TendoLiu commented 4 years ago

It seems that there was a "panic" when generating the transcriptome file, but the file was produced anyway. Note that I am using a newer version of annotation file. And the reference genome is hg19 instead of hg38 in the example code.

TendoLiu commented 4 years ago

gencode.v26.whole_genes.txt Just in case you want to look at the transcriptome file. I converted .fa to .txt to be able to upload.

eksyang commented 4 years ago

Thanks, will look into it

TendoLiu commented 4 years ago

Any follow-up?

eksyang commented 4 years ago

sorry, at the moment, I do not have linux machine to debug into it.
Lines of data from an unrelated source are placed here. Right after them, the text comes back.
lemma first_interval_no_wrapping:
  assumes "1 < n" "1 \<le> m" and pivot: "pivot_path n m v P"
    and interval: "P_interval n m P (-1) p2"
    and right: "shifts_right_in n m P 0 p2"
    and sums: "\<forall>j::nat. int j \<le> p2 \<longrightarrow> 0 \<le> (\<Sum>t=0..j. v t)"
  shows "\<not> (\<exists>k. k + 1 < length P \<and> rshift n m 0 (P ! k) (P ! (k + 1)) \<and> (P ! k) 0 = 0)"
proof
  assume "\<exists>k. k + 1 < length P \<and> rshift n m 0 (P ! k) (P ! (k + 1)) \<and> (P ! k) 0 = 0"
  then obtain k where k: "k + 1 < length P" "rshift n m 0 (P ! k) (P ! (k + 1))" "(P ! k) 0 = 0"
    by blast
  let ?P' = "map (reflect m) P"
  have vertices: "\<forall>x\<in>set P. zvert n m x"
    using pivot_path_zpath_to0[OF pivot] by (simp add: zpath_to0_def zpath_def)
  have "P_interval n m ?P' (int m - p2) (int m + 1)"
    using interval inner_wall_reflect[OF vertices] by (auto simp: P_interval_def)
  moreover have "shifts_left_in n m ?P' (int m - p2 + 1) (int m + 1)"
    using right reflect_shift_iff(2) vertices
    by (fastforce simp: shifts_left_in_def shifts_right_in_def nth_mem)
  moreover have "\<forall>j::nat. int m - p2 + 1 \<le> int j \<and> int j \<le> int m + 1 \<longrightarrow>
                   0 \<le> (\<Sum>t=j..m+1. reflect m v t)"
    using sums sum_reflect by fastforce
  ultimately have "count_steps (wrapping_lshift n m) ?P' = 0"
    using last_interval_no_wrapping[OF assms(1,2) pivot_path_reflect[OF pivot]] by blast
  moreover have "wrapping_lshift n m (?P' ! k) (?P' ! (k + 1))"
    using lshift_reflect[OF k(2)] k by (simp add: wrapping_lshift_def reflect_def)
  ultimately show False using k(1) by (auto simp: count_steps_eq_0_iff successively_iff_nth)
qed

theorem lemma5p14:
  fixes n m :: nat and v :: "nat \<Rightarrow> int" and P :: "(nat \<Rightarrow> int) list" and p1 p2 :: int
  assumes "n > 1" and "m \<ge> 1"
    and "pivot_path n m v P"
    and "P_interval n m P p1 p2"
  shows "(p2 = int m + 1 \<and> shifts_left_in n m P (p1 + 1) p2 \<and>
           (\<forall>j::nat. p1 + 1 \<le> int j \<and> int j \<le> p2 \<longrightarrow> (\<Sum>i=j..m+1. v i) \<ge> 0)
         \<longrightarrow> \<not> (\<exists>k. k + 1 < length P \<and> lshift n m m (P!k) (P!(k+1)) \<and> (P!k) (m+1) = 0))
       \<and> (p1 = -1 \<and> shifts_right_in n m P (p1 + 1) p2 \<and>
           (\<forall>j::nat. p1 + 1 \<le> int j \<and> int j \<le> p2 \<longrightarrow> (\<Sum>i=0..j. v i) \<ge> 0)
         \<longrightarrow> \<not> (\<exists>k. k + 1 < length P \<and> rshift n m 0 (P!k) (P!(k+1)) \<and> (P!k) 0 = 0))"
proof (intro conjI impI)
  assume "p2 = int m + 1 \<and> shifts_left_in n m P (p1 + 1) p2 \<and>
    (\<forall>j::nat. p1 + 1 \<le> int j \<and> int j \<le> p2 \<longrightarrow> (\<Sum>i=j..m+1. v i) \<ge> 0)"
  then have "count_steps (wrapping_lshift n m) P = 0"
    using last_interval_no_wrapping[OF assms(1-3)] assms(4) by auto
  then show "\<not> (\<exists>k. k + 1 < length P \<and> lshift n m m (P!k) (P!(k+1)) \<and> (P!k) (m+1) = 0)"
    by (auto simp: count_steps_eq_0_iff successively_iff_nth wrapping_lshift_def)
next
  assume "p1 = -1 \<and> shifts_right_in n m P (p1 + 1) p2 \<and>
    (\<forall>j::nat. p1 + 1 \<le> int j \<and> int j \<le> p2 \<longrightarrow> (\<Sum>i=0..j. v i) \<ge> 0)"
  then show "\<not> (\<exists>k. k + 1 < length P \<and> rshift n m 0 (P!k) (P!(k+1)) \<and> (P!k) 0 = 0)"
    using first_interval_no_wrapping[OF assms(1-3)] assms(4) by auto
qed
lemma summable_on_int_split:
  fixes g :: "int \<Rightarrow> 'a::banach"
  assumes "(\<lambda>n. g (int n)) summable_on UNIV" and "(\<lambda>n. g (- int (Suc n))) summable_on UNIV"
  shows "g summable_on UNIV"
proof -
  have "g summable_on range int"
    using summable_on_reindex[of int UNIV g] assms(1) by (simp add: o_def)
  moreover have "g summable_on range (\<lambda>n. - int (Suc n))"
    using summable_on_reindex[of "\<lambda>n. - int (Suc n)" UNIV g] assms(2) by (simp add: o_def inj_on_def)
  ultimately have "g summable_on (range int \<union> range (\<lambda>n. - int (Suc n)))"
    by (rule summable_on_Un_disjoint) auto
  then show ?thesis by (simp only: int_cases_range[symmetric])
qed

lemma summable_on_theta_real:
  fixes r A :: real
  assumes "0 \<le> r" "r < 1" "0 < A"
  shows "(\<lambda>m::int. A powi m * r powi (m ^ 2)) summable_on UNIV"
proof -
  have sq: "summable (\<lambda>n. B ^ n * r ^ (n ^ 2))" if "0 \<le> B" for B :: real
  proof -
    have "summable (\<lambda>n. (B * r) ^ n * (r ^ 2) ^ (n choose 2))"
      using assms that by (intro summable_power_mult_power_choose_two) (auto simp: power_less_one_iff)
    moreover have "(B * r) ^ n * (r ^ 2) ^ (n choose 2) = B ^ n * r ^ (n ^ 2)" for n
      by (simp flip: two_times_choose_two add: power_mult_distrib power_mult power_add mult_ac)
    ultimately show ?thesis by simp
  qed
  show ?thesis
  proof (rule summable_on_int_split)
    have "A powi (int n) * r powi ((int n)\<^sup>2) = A ^ n * r ^ (n ^ 2)" for n
      by (metis of_nat_power power_int_of_nat)
    then show "(\<lambda>n. A powi (int n) * r powi ((int n)\<^sup>2)) summable_on UNIV"
      using sq[of A] assms by (simp add: summable_on_UNIV_nonneg_real_iff)
    have "A powi (- int (Suc n)) * r powi ((- int (Suc n))\<^sup>2) = (1 / A) ^ Suc n * r ^ (Suc n ^ 2)" for n
    proof -
      have "A powi (- int (Suc n)) = (1 / A) ^ Suc n"
        by (simp only: power_int_minus power_int_of_nat power_one_over inverse_eq_divide)
      moreover have "r powi ((- int (Suc n))\<^sup>2) = r ^ (Suc n ^ 2)"
        by (metis power2_minus of_nat_power power_int_of_nat)
      ultimately show ?thesis by simp
    qed
    moreover have "summable (\<lambda>n. (1 / A) ^ Suc n * r ^ (Suc n ^ 2))"
      using sq[of "1 / A"] assms by (subst summable_Suc_iff) simp
    ultimately show "(\<lambda>n. A powi (- int (Suc n)) * r powi ((- int (Suc n))\<^sup>2)) summable_on UNIV"
      using assms by (simp add: summable_on_UNIV_nonneg_real_iff)
  qed
qed
lemma conj_dual_op_transpose:
  assumes refl: "reflexive_lcs sm S Q"
    and K: "K \<in> cont_ops dual_sm (conj_dual sm S Q) (strong_seminorms S Q)"
    and "g \<in> S"
  obtains g' where "g' \<in> S" "\<And>F. F \<in> conj_dual sm S Q \<Longrightarrow> K F g = F g'"
proof -
  define Dx where "Dx = conj_dual sm S Q"
  define Qx where "Qx = strong_seminorms S Q"
  define \<Lambda> where "\<Lambda> F = (if F \<in> Dx then cnj (K F g) else 0)" for F
  have K_cont: "continuous_map (seminorm_topology Dx Qx) (seminorm_topology Dx Qx) K"
    and K_add: "\<And>F G. F \<in> Dx \<Longrightarrow> G \<in> Dx \<Longrightarrow> K (F + G) = K F + K G"
    and K_scale: "\<And>c F. F \<in> Dx \<Longrightarrow> K (dual_sm c F) = dual_sm c (K F)"
    using K unfolding cont_ops_def Dx_def Qx_def by blast+
  have "continuous_map (seminorm_topology Dx Qx) euclidean (\<lambda>F. cnj (K F g))"
    using continuous_map_cnj[OF continuous_map_compose[OF K_cont
        continuous_map_strong_dual_eval[OF \<open>g \<in> S\<close>, of sm Q, folded Dx_def Qx_def]]]
    by (simp add: o_def)
  then have "continuous_map (seminorm_topology Dx Qx) euclidean \<Lambda>"
    by (rule continuous_map_eq) (simp add: topspace_seminorm_topology \<Lambda>_def)
  moreover have "\<Lambda> (F + G) = \<Lambda> F + \<Lambda> G" if "F \<in> Dx" "G \<in> Dx" for F G
    using that add_in_conj_dual[of F sm S Q G] by (simp add: \<Lambda>_def K_add Dx_def)
  moreover have "\<Lambda> (dual_sm c F) = cnj c * \<Lambda> F" if "F \<in> Dx" for c F
    using that dual_sm_in_conj_dual[of F sm S Q c] K_scale[OF that, of c]
    by (simp add: \<Lambda>_def dual_sm_def Dx_def)
  ultimately have "\<Lambda> \<in> conj_dual dual_sm Dx Qx"
    unfolding conj_dual_def by (simp add: \<Lambda>_def)
  then obtain g' where "g' \<in> S" "\<And>F. F \<in> Dx \<Longrightarrow> \<Lambda> F = cnj (F g')"
    using reflexive_bidual_eval[OF refl] unfolding Dx_def Qx_def by blast
  then show ?thesis
    using that unfolding \<Lambda>_def Dx_def by (metis complex_cnj_cnj)
qed

section \<open>Distribution multipliers on a rigged Hilbert space\<close>

locale rigged_hilbert_space =
  fixes sm :: "complex \<Rightarrow> 'h::ab_group_add \<Rightarrow> 'h" and ip :: "'h \<Rightarrow> 'h \<Rightarrow> complex"
    and D :: "'h set" and P :: "('h \<Rightarrow> real) set"
  assumes rigged_hilbert: "rigged_hilbert sm ip D P"
begin

sublocale complex_hilbert_space sm ip
  using rigged_hilbert unfolding rigged_hilbert_def complex_hilbert_space_def by (elim conjE)

lemma zero_in_D: "0 \<in> D"
  and add_in_D: "f \<in> D \<Longrightarrow> g \<in> D \<Longrightarrow> f + g \<in> D"
  and scale_in_D: "f \<in> D \<Longrightarrow> sm c f \<in> D"
  and dense_D: "\<forall>h. \<forall>e>0. \<exists>f\<in>D. hnorm ip (h - f) < e"
  and norm_open_imp_openin: "U \<subseteq> D \<Longrightarrow> (\<And>f. f \<in> U \<Longrightarrow> \<exists>e>0. {g\<in>D. hnorm ip (g - f) < e} \<subseteq> U)
      \<Longrightarrow> openin (seminorm_topology D P) U"
  using rigged_hilbert unfolding rigged_hilbert_def by simp_all

lemma continuous_map_ip_left:
  "continuous_map (seminorm_topology D P) euclidean (ip h)"
  unfolding continuous_map_openin_preimage_eq topspace_seminorm_topology
proof (intro conjI allI impI)
  fix U :: "complex set"
  assume "openin euclidean U"
  show "openin (seminorm_topology D P) (D \<inter> ip h -` U)"
  proof (rule norm_open_imp_openin)
    fix f
    assume "f \<in> D \<inter> ip h -` U"
    then obtain r where r: "r > 0" "ball (ip h f) r \<subseteq> U"
      using \<open>openin euclidean U\<close> openE by (metis IntD2 open_openin vimageE)
    define e where "e = r / (hnorm ip h + 1)"
    have "hnorm ip h + 1 > 0"
      using hnorm_nonneg[of h] by linarith
    then have "e > 0" "(hnorm ip h + 1) * e = r"
      unfolding e_def using r by auto
    have "ip h g \<in> U" if "hnorm ip (g - f) < e" for g
    proof -
      have "cmod (ip h g - ip h f) \<le> hnorm ip h * hnorm ip (g - f)"
        using Cauchy_Schwarz[of h "g - f"] by (simp add: ip_diff_right)
      also have "\<dots> \<le> hnorm ip h * e"
        using that hnorm_nonneg[of h] by (intro mult_left_mono) auto
      also have "\<dots> < r"
        using \<open>e > 0\<close> \<open>(hnorm ip h + 1) * e = r\<close> by (simp add: distrib_right)
      finally show ?thesis
        using r by (auto simp: dist_norm norm_minus_commute)
    qed
    then show "\<exists>e>0. {g\<in>D. hnorm ip (g - f) < e} \<subseteq> D \<inter> ip h -` U"
      using \<open>e > 0\<close> by blast
  qed blast
qed simp

lemma emb_in_conj_dual: "emb ip D h \<in> conj_dual sm D P"
proof -
  have "continuous_map (seminorm_topology D P) euclidean (emb ip D h)"
    by (rule continuous_map_eq[OF continuous_map_ip_left])
      (simp add: topspace_seminorm_topology emb_def)
  then show ?thesis
    unfolding conj_dual_def using add_in_D scale_in_D
    by (auto simp: emb_def ip_add_right ip_scale_right)
qed

lemma multiplier_inner:
  assumes \<theta>_in: "\<forall>x\<in>space \<mu>. \<theta> x \<in> conj_dual sm D P"
    and f: "f \<in> mult_domain ip D \<mu> m \<omega> \<theta>" and g: "g \<in> D"
  shows "ip (multiplier ip D \<mu> m \<omega> \<theta> f) g = integral\<^sup>L \<mu> (mult_integrand m \<omega> \<theta> f g)"
proof -
  define \<Phi> where "\<Phi> g = integral\<^sup>L \<mu> (mult_integrand m \<omega> \<theta> f g)" for g
  have integrable: "\<And>g. g \<in> D \<Longrightarrow> integrable \<mu> (mult_integrand m \<omega> \<theta> f g)"
    using f unfolding mult_domain_def by blast
  obtain C where bounded: "\<And>g. g \<in> D \<Longrightarrow> cmod (\<Phi> g) \<le> C * hnorm ip g"
    using f unfolding mult_domain_def \<Phi>_def by blast
  have "\<Phi> (g1 + g2) = \<Phi> g1 + \<Phi> g2" if "g1 \<in> D" "g2 \<in> D" for g1 g2
  proof -
    have "\<Phi> (g1 + g2) = (LINT x|\<mu>. mult_integrand m \<omega> \<theta> f g1 x + mult_integrand m \<omega> \<theta> f g2 x)"
      unfolding \<Phi>_def using \<theta>_in that
      by (intro Bochner_Integration.integral_cong) (auto simp: mult_integrand_def conj_dual_add distrib_left)
    then show ?thesis
      unfolding \<Phi>_def using integrable that by simp
  qed
  moreover have "\<Phi> (sm c g) = cnj c * \<Phi> g" if "g \<in> D" for c g
  proof -
    have "\<Phi> (sm c g) = (LINT x|\<mu>. cnj c * mult_integrand m \<omega> \<theta> f g x)"
      unfolding \<Phi>_def using \<theta>_in that
      by (intro Bochner_Integration.integral_cong) (auto simp: mult_integrand_def conj_dual_scale)
    then show ?thesis
      unfolding \<Phi>_def by simp
  qed
  ultimately have "\<exists>!h. \<forall>g\<in>D. ip h g = \<Phi> g"
    using zero_in_D add_in_D scale_in_D dense_D bounded by (intro Riesz_representation_dense)
  then have "\<forall>g\<in>D. ip (THE h. \<forall>g\<in>D. ip h g = \<Phi> g) g = \<Phi> g"
    by (rule theI')
  then show ?thesis
    using g unfolding multiplier_def \<Phi>_def by blast
qed

lemma multiplier_right_inverse_reconstruction:
  assumes \<theta>_in: "\<forall>x\<in>space \<mu>. \<theta> x \<in> conj_dual sm D P"
    and dom: "mult_domain ip D \<mu> m \<omega> \<theta> = D"
    and J: "J \<in> cont_ops sm D P"
    and right_inv: "\<forall>f\<in>D. multiplier ip D \<mu> m \<omega> \<theta> (J f) = f"
    and f: "f \<in> D" and g: "g \<in> D"
  shows "integrable \<mu> (\<lambda>x. cnj (adj_op D J (dual_sm (cnj (m x)) (\<omega> x)) f) * \<theta> x g) \<and>
    ip f g = (LINT x|\<mu>. cnj (adj_op D J (dual_sm (cnj (m x)) (\<omega> x)) f) * \<theta> x g)"
proof -
  have "J f \<in> D"
    using J f unfolding cont_ops_def by blast
  have integrand: "(\<lambda>x. cnj (adj_op D J (dual_sm (cnj (m x)) (\<omega> x)) f) * \<theta> x g)
      = mult_integrand m \<omega> \<theta> (J f) g"
    using f by (auto simp: adj_op_def dual_sm_def mult_integrand_def)
  have integrable: "integrable \<mu> (mult_integrand m \<omega> \<theta> (J f) g)"
    using dom \<open>J f \<in> D\<close> g unfolding mult_domain_def by blast
  have "ip f g = ip (multiplier ip D \<mu> m \<omega> \<theta> (J f)) g"
    using right_inv f by simp
  also have "\<dots> = integral\<^sup>L \<mu> (mult_integrand m \<omega> \<theta> (J f) g)"
    using multiplier_inner[OF \<theta>_in] dom \<open>J f \<in> D\<close> g by simp
  finally show ?thesis
    using integrable unfolding integrand by simp
qed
But after relook into the issue, it appears that the sequence chr20 in the provided fasta file has length 63025520, however, there seems to be a gene in the gtf in the range of 63686370 - 63688050 in "chr20". The only issue I can think of is that the gtf file you used ($anno = gencode.v31.chr_patch_hapl_scaff.annotation.gtf.gz) and the reference fasta file ($hg19_UCSC = ucsc.hg19.fasta) are not compatible with each other. possible to confirm that ?

eksyang commented 4 years ago

hi TendoLiu, a colleague offerred to help after holidays. In order to debug into this, could you share or point to the link to obtain the two files gencode.v31.chr_patch_hapl_scaff.annotation.gtf.gz and ucsc.hg19.fasta (if you cannot yet confirm the annotation and the fasta file do not match). Sorry for the delay.